Revelation on process of electing Germany’s new Chancellor
Germany, which is Europe’s most populous country, will go to the polls on September 26 to elect members of the lower house of parliament known as the Bundestag. The polls are crucial this time as they will determine who will succeed Chancellor Angela Merkel as she steps down after 16 years.
With just a few days left for the German elections, here is everything you need to know about the process.
The polls will open from 8 am to 6 pm on Sunday in 299 electoral districts in the country and all the votes should be counted by Monday morning.
German citizens above 18 years are eligible to cast their vote and about 60.4 million people of the 83 million population are eligible to exercise their franchise this year.
German passport holders, who have lived in the country for at least three months, can also vote. German citizens living abroad are allowed to vote under certain conditions.
Germany’s Basic Law stipulates that its members should be elected in “general, direct, free, equal and secret elections”.

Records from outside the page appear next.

lemma pbr_pcls:
  assumes "f \<in> FM S" "g \<in> FM S"
  shows "pbr S R (pcls S R f) (pcls S R g) = pcls S R (vbr f g)"
proof -
  let ?p = "prep (pcls S R f)" and ?q = "prep (pcls S R g)"
  have "vsub (vbr ?p ?q) (vbr f g) = vadd (vbr (vsub ?p f) ?q) (vbr f (vsub ?q g))"
    by (rule ext) (simp add: vsub_def vadd_def vbr_def algebra_simps split: mtree.split)
  also have "\<dots> \<in> pideal S R"
    by (intro pideal.add pideal.left pideal.right prep_pcls assms)
  finally show ?thesis
    unfolding pbr_def using assms by (subst pcls_eq_iff) (simp_all add: prep_pcls(1))
qed

lemma pcarrier_cases:
  assumes "A \<in> pcarrier S R"
  obtains f where "f \<in> FM S" "A = pcls S R f"
  using assms unfolding pcarrier_def by blast

fun tsubst :: "('a \<Rightarrow> ('b,'k::field) fm) \<Rightarrow> 'a mtree \<Rightarrow> ('b,'k) fm" where
  "tsubst \<sigma> (Leaf x) = \<sigma> x"
| "tsubst \<sigma> (Node s t) = vbr (tsubst \<sigma> s) (tsubst \<sigma> t)"

definition vsubst :: "('a \<Rightarrow> ('b,'k::field) fm) \<Rightarrow> ('a,'k) fm \<Rightarrow> ('b,'k) fm" where
  "vsubst \<sigma> f = (\<lambda>u. \<Sum>t | f t \<noteq> 0. f t * tsubst \<sigma> t u)"

lemma vsubst_eq_sum:
  assumes "finite T" "{t. f t \<noteq> 0} \<subseteq> T"
  shows "vsubst \<sigma> f = (\<lambda>u. \<Sum>t\<in>T. f t * tsubst \<sigma> t u)"
  unfolding vsubst_def by (rule ext, rule sum.mono_neutral_left) (use assms in auto)

lemma vsubst_vadd:
  assumes "f \<in> FM UNIV" "g \<in> FM UNIV"
  shows "vsubst \<sigma> (vadd f g) = vadd (vsubst \<sigma> f) (vsubst \<sigma> g)"
proof -
  let ?T = "{t. f t \<noteq> 0} \<union> {t. g t \<noteq> 0}"
  have T: "finite ?T" using assms by (simp add: FM_def)
  have "vsubst \<sigma> (vadd f g) = (\<lambda>u. \<Sum>t\<in>?T. vadd f g t * tsubst \<sigma> t u)"
    by (rule vsubst_eq_sum[OF T]) (auto simp: vadd_def)
  moreover have "vsubst \<sigma> f = (\<lambda>u. \<Sum>t\<in>?T. f t * tsubst \<sigma> t u)"
    and "vsubst \<sigma> g = (\<lambda>u. \<Sum>t\<in>?T. g t * tsubst \<sigma> t u)"
    by (rule vsubst_eq_sum[OF T]; auto)+
  ultimately show ?thesis by (simp add: vadd_def distrib_right sum.distrib)
qed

It further states that “the elections are “direct” because citizens vote for their representatives directly without the mediation of delegates to an electoral college.”
Germany’s electoral system is a combination of “first-past-the-post” election of constituency candidates (first votes) and proportional representation on the basis of votes for the parties’ Land lists (second votes).
German citizens do not elect a chancellor directly, but their votes determine the makeup of parliament every four years and the representatives further elect the chancellor.
Each voter in Germany can cast two votes: one for a candidate standing in their constituency, and one for a party list of candidates in their federal state. The first vote decides which candidates are sent to Parliament from the constituencies and the second vote determines the relative strength of the parties represented in the Bundestag.
“Half of the members of the Bundestag are elected directly from Germany’s 299 constituencies, the other half via party lists in Germany’s sixteen Länder (states).”
Each of these 299 constituencies directly elects a lawmaker by a simple majority and the 299 seats go to candidates elected on party lists. That vote is critical because it determines the percentage of seats each party wins.
The Bundestag officially has 598 seats but the size may increase due to “overhang seats” and additional “balance seats”. So, the Bundestag had 709 seats instead of 598 after the 2017 election. The number is increased to ensure that all parties get seats proportional to the second votes.
A political party needs at least 5% of the second vote or at least three constituency seats to enter the Bundestag. This threshold is meant to prevent small parties from entering the parliament.
The high figure between the first and second votes determines a party’s minimum number of seats.
While the second vote determines the proportion of seats a party gets, additional seats may be provided if the party wins more constituency seats in a federal state than they would be entitled to by the second vote.
For example, if a party gets 15 seats through the second vote but had 20 candidates elected in the first vote, then it would get five extra seats in the Bundestag.
Out of the 47 parties listed on the ballot sheet, three leading parties are: the Centre-right Christian Democrats, the Centre-left Social Democrats, and the Greens.
The center-right Union bloc Christian Democratic Union was the biggest group in the outgoing parliament and it consisted of Merkel’s Christian Democratic Union and the Christian Social Union.
The centre-left Social Democratic Party has been in coalition with the conservatives and is the second largest group.
The left-wing party Greens was leading the polls earlier this year and the party focuses on social justice and climate change.
“A government can only be formed by parties that, singly or together with others, have the majority of members behind them. This is why elections are often followed by coalition negotiations between the parties.”
As mentioned earlier, German citizens do not directly elect the Chancellor but they elect the federal officials who then pick the next chancellor.
Typically, the coalition party with the most seats picks the chancellor.
Once a coalition is decided upon, the German President nominates to the Bundestag a candidate for chancellor. This candidate needs a majority of all members to be elected and doesn’t have to be a member of parliament. The old chancellor continues in a caretaker capacity until a new government is formed.
In a rare case, if two attempts to elect a chancellor with a majority fail, the president is allowed to appoint a candidate who has to win the most votes in a third vote or the president may dissolve the Bundestag and hold a new national election. That has never happened yet.
For the first time in the history of Germany, outgoing chancellor Angela Merkel won’t be in the running. She has held Vorpommern-Rügen Vorpommern-Greifswald I constituency continuously since it was created after reunification in 1990
To replace her, three parties have nominated official candidates. The CDU has nominated party leader Armin Laschet, the SPD has named the current finance minister and deputy chancellor, Olaf Scholz and the Greens has put forward its co-leader Annalena Baerbock.
While the results are usually clear within hours of the vote closing, talks on forming a government can take weeks.